The p.R304Q is reported in homozygous and heterozygous state in many countries indicating that it is a frequent and recurrent mutation [16,17]. In our patient (patient 3) it is associated with homozygous state. Correlation genotype/phenotype for this mutation is in accordance with reported data since this mutation is associated with asymptomatic or paucisymptomatic patients [18], which is the case for our patient who is asymptomatic.

The 2 splicing mutations IVS1a + 5 G > A and the p.G-39G identified in the heterozygous state respectively in patients 4 and 5, are associated with hemarthrosis, gingival, menorrhagia and epistaxis: clinical symptoms associated with heterozygous mutations described above [19,20]. For the patient 5 the presence of the SNPs A1/A2 known to decrease 25% of the FVII levels [21] may also has an effect on the phenotype of our patient.

Among the 5 identified mutations, 3 are localized in the exon 8 (catatytic region) which represent the hot spot region of F7 gene as reported in literature [10]. Only the p.R304Q occurred within the CpG dinucleotides.

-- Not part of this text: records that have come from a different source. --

lemma cyclic_order_bead_cyc:
  assumes small_faces: "\<And>\<tau>. \<lbrakk>\<tau> \<subseteq> \<sigma>; \<tau> \<noteq> {}; card \<tau> \<le> 4\<rbrakk> \<Longrightarrow> \<tau> \<in> T"
  shows "cyclic_order (beads \<sigma>) (bead_cyc F)"
proof -
  have face: "\<exists>\<tau>\<in>T. a \<in> beads \<tau> \<and> b \<in> beads \<tau> \<and> c \<in> beads \<tau> \<and> d \<in> beads \<tau>"
    if "a \<in> beads \<sigma>" "b \<in> beads \<sigma>" "c \<in> beads \<sigma>" "d \<in> beads \<sigma>" for a b c d
  proof
    let ?\<tau> = "{fst a, fst b, fst c, fst d}"
    have "?\<tau> \<subseteq> \<sigma>" using that by (simp add: beads_fst)
    moreover have "card ?\<tau> \<le> 4" using card_length[of "[fst a, fst b, fst c, fst d]"] by simp
    ultimately show "?\<tau> \<in> T" by (simp add: small_faces)
    show "a \<in> beads ?\<tau> \<and> b \<in> beads ?\<tau> \<and> c \<in> beads ?\<tau> \<and> d \<in> beads ?\<tau>"
      using that by (simp add: beads_restrict)
  qed
  show ?thesis
  proof
    fix a b c assume "a \<in> beads \<sigma>" "b \<in> beads \<sigma>" "c \<in> beads \<sigma>"
    then obtain \<tau> where "\<tau> \<in> T" "a \<in> beads \<tau>" "b \<in> beads \<tau>" "c \<in> beads \<tau>" using face by blast
    note abc = \<open>a \<in> beads \<tau>\<close> \<open>b \<in> beads \<tau>\<close> \<open>c \<in> beads \<tau>\<close>
    note cyc_pos = cyc_bead_position[OF \<open>\<tau> \<in> T\<close>]
    show "bead_cyc F a b c \<Longrightarrow> bead_cyc F b c a"
      using cyc_pos[OF abc] cyc_pos[OF abc(2,3,1)] cyc_rotate by blast
    show "bead_cyc F a b c \<Longrightarrow> \<not> bead_cyc F a c b"
      using cyc_pos[OF abc] cyc_pos[OF abc(1,3,2)] cyc_asym by blast
    show "bead_cyc F a b c \<Longrightarrow> a \<noteq> b \<and> b \<noteq> c \<and> a \<noteq> c"
      using cyc_pos[OF abc] cyc_distinct by blast
    show "bead_cyc F a b c \<or> bead_cyc F a c b" if "a \<noteq> b" "b \<noteq> c" "a \<noteq> c"
    proof -
      have "inj_on (bead_position F \<tau>) (beads \<tau>)" using bead_position_inj[OF \<open>\<tau> \<in> T\<close>] .
      hence "bead_position F \<tau> a \<noteq> bead_position F \<tau> b" "bead_position F \<tau> b \<noteq> bead_position F \<tau> c"
        "bead_position F \<tau> a \<noteq> bead_position F \<tau> c"
        using that abc by (auto dest: inj_onD)
      thus ?thesis using cyc_pos[OF abc] cyc_pos[OF abc(1,3,2)] cyc_total by blast
    qed
  next
    fix a b c d assume "a \<in> beads \<sigma>" "b \<in> beads \<sigma>" "c \<in> beads \<sigma>" "d \<in> beads \<sigma>"
    then obtain \<tau> where "\<tau> \<in> T" and abcd: "a \<in> beads \<tau>" "b \<in> beads \<tau>" "c \<in> beads \<tau>" "d \<in> beads \<tau>"
      using face by blast
    note cyc_pos = cyc_bead_position[OF \<open>\<tau> \<in> T\<close>]
    show "bead_cyc F a b c \<Longrightarrow> bead_cyc F a c d \<Longrightarrow> bead_cyc F a b d"
      using cyc_pos[OF abcd(1,2,3)] cyc_pos[OF abcd(1,3,4)] cyc_pos[OF abcd(1,2,4)] cyc_trans by blast
  qed
qed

No mutations were found in 5 patients from 3 unrelated families with reduced FVII activities (2.5% to 5%) and they share all the wild alleles in the homozygous state concerning the M1, P0 and A1 SNPs. Only patient number 10 represent 7 repetitions of polymorphism H in exon 7 which may be responsible for the reduced FVII activity. Others data reported also the absence of molecular defect in some patients in their series [17]. The cause may be an intragenic rearrangement escaping our procedure, so we investigate the use of other techniques such as semi-quantitative multiplex PCR or MLPA.

A unique study described molecular pathology within FVII deficiency in Tunisian patients concern Tunisian Jewish [6]. In this study they identified the p.R304Q mutation which is also present in one of our patients despite their different origin, the p.R304Q is a recurrent mutation known in different ethnics groups and populations. The others mutations described in this study are different from our identified mutations which confirm the Arabic origin of our patients.

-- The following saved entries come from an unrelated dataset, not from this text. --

(* For every $\alpha \in (1/3, 1/2)$ there exists $\beta>0$ such that the following holds for all sufficiently large $n$: every $n$-vertex graph $G$ with at least $\lfloor n^2/4\rfloor+1$ edges and $b(G)<\alpha n/2$ has at least $\beta n^3$ triangles.
   Context: Graphs are finite and simple. A book of size $b$ in a graph is an edge that lies in $b$ triangles; $b(G)$ denotes the maximum size of a book in $G$, i.e. the maximum, over all edges $e$ of $G$, of the number of triangles of $G$ containing $e$. *)

theory Defs
  imports Complex_Main
begin

definition simple_graph :: "'a set \<Rightarrow> 'a set set \<Rightarrow> bool" where
  "simple_graph V E \<longleftrightarrow> finite V \<and> (\<forall>e\<in>E. e \<subseteq> V \<and> card e = 2)"

definition triangles :: "'a set \<Rightarrow> 'a set set \<Rightarrow> 'a set set" where
  "triangles V E = {T. T \<subseteq> V \<and> card T = 3 \<and> (\<forall>x\<in>T. \<forall>y\<in>T. x \<noteq> y \<longrightarrow> {x, y} \<in> E)}"

definition book_size :: "'a set \<Rightarrow> 'a set set \<Rightarrow> 'a set \<Rightarrow> nat" where
  "book_size V E e = card {T \<in> triangles V E. e \<subseteq> T}"

definition max_book :: "'a set \<Rightarrow> 'a set set \<Rightarrow> nat" where
  "max_book V E = (if E = {} then 0 else Max (book_size V E ` E))"

end

theory Submission
  imports Defs
begin

text \<open>Let every book have fewer than c n pages, c < 1/4, and suppose G has more than n^2/4
  edges but few triangles. As the degrees average more than n/2, averaging over x shows that
  the cut between a neighbourhood N(x) and its complement has nearly n^2/4 edges; hence a
  maximum cut (A, V - A) is nearly complete bipartite and nearly balanced. Call a vertex heavy
  if it misses more than \<eta> n/2 edges across the cut. Two adjacent vertices on the same side
  would have nearly n/2 common neighbours across unless one of them is heavy, so every edge
  inside a side has a heavy end; and a heavy vertex misses at least as many cross edges as it
  has inner neighbours plus heavy vertices in total. Charging each edge inside a side to a
  heavy end, these edges are at most as many as the missing cross edges, so G has at most
  |A| |V - A| \<le> n^2/4 edges.\<close>

definition crosses :: "'a set \<Rightarrow> 'a \<Rightarrow> 'a \<Rightarrow> real" where
  "crosses A u w = (if (u \<in> A) = (w \<in> A) then 0 else 1)"

lemma crosses_commute: "crosses A u w = crosses A w u"
  by (auto simp: crosses_def)

lemma crosses_cases: "crosses A u w = 0 \<or> crosses A u w = 1"
  by (auto simp: crosses_def)

lemma crosses_nonneg [simp]: "0 \<le> crosses A u w"
  by (simp add: crosses_def)

locale finite_graph =
  fixes V :: "'a set" and E :: "'a set set"
  assumes simple: "simple_graph V E"
begin

definition adj :: "'a \<Rightarrow> 'a \<Rightarrow> real" where
  "adj u v = (if {u, v} \<in> E then 1 else 0)"

definition degree :: "'a \<Rightarrow> real" where
  "degree u = (\<Sum>w\<in>V. adj u w)"

definition codegree :: "'a \<Rightarrow> 'a \<Rightarrow> real" where
  "codegree u v = (\<Sum>w\<in>V. adj u w * adj v w)"

definition nbhd :: "'a \<Rightarrow> 'a set" where
  "nbhd x = {y \<in> V. adj x y = 1}"

definition ordered_triangles :: real where
  "ordered_triangles = (\<Sum>x\<in>V. \<Sum>u\<in>V. \<Sum>w\<in>V. adj x u * adj u w * adj x w)"

text \<open>Every edge across the cut is counted twice.\<close>
definition cut_weight :: "'a set \<Rightarrow> real" where
  "cut_weight A = (\<Sum>u\<in>V. \<Sum>w\<in>V. crosses A u w * adj u w)"

lemma finite_V: "finite V"
  using simple by (simp add: simple_graph_def)

lemma edge_vertices:
  assumes "{u, v} \<in> E" shows "u \<in> V" "v \<in> V" "u \<noteq> v"
proof -
  have "{u, v} \<subseteq> V" "card {u, v} = 2"
    using simple assms by (auto simp: simple_graph_def)
  then show "u \<in> V" "v \<in> V" "u \<noteq> v" by auto
qed

lemma finite_E: "finite E"
proof -
  have "E \<subseteq> Pow V" using simple by (auto simp: simple_graph_def)
  then show ?thesis using finite_subset finite_V by auto
qed

lemma adj_commute: "adj u v = adj v u"
  by (simp add: adj_def insert_commute)

lemma adj_cases: "adj u v = 0 \<or> adj u v = 1"
  by (simp add: adj_def)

A few Tunisian studies were interested in the distribution of some polymorphisms (M1/M2 and P0/P10) in patients with FVII deficiency and healthy groups from different Tunisian regions demonstrate that the most frequent alleles are M1/M1 and P0/P0 in all the studied groups and also in groups from the North of Tunisia [4,5]. This distribution is confirmed in our patients who are from the North and in whom we identified only one allele M1/M2 in one patient/7 unrelated patients and we found the allele P0/P10 only in 2 patients. All the others patients are homozygous for the frequent alleles cited above.

Conclusion

This represents the first comprehensive molecular series of FVII deficiency affected patients in Tunisia. We identified 5 different mutations, one of them is novel. For 5 patients we didn’t identify any mutation with PCR/Sequencing protocol used in this study that’s why we investigate other approaches to identify the molecular defects in these patients. Since our patients are from the North province of Tunisia, we will try in the future to continue the molecular study for Tunisian patients from Center and South provinces in order to have a complete idea about the FVII deficiency mutational profile in our country. This allows us to understand the genotype/phenotype relations of this pathology since it has a heterogeneous clinical manifestation.

Competing interests

The authors stated that they had no interests which might be perceived as posing a conflict or bias.

Authors’ contributions

HE performed the research, analyzed the data and wrote the paper; FBL, WE, KZ and MZ contributed in the data collection; AJ and RS performed the research; MB, EBAA and GE designed the research. All authors read and approved the final manuscript.

Acknowledgments

We are grateful to our patients for their help and cooperation. We acknowledge Professor Jayandharan Giridhara Rao for his valuable help and advices.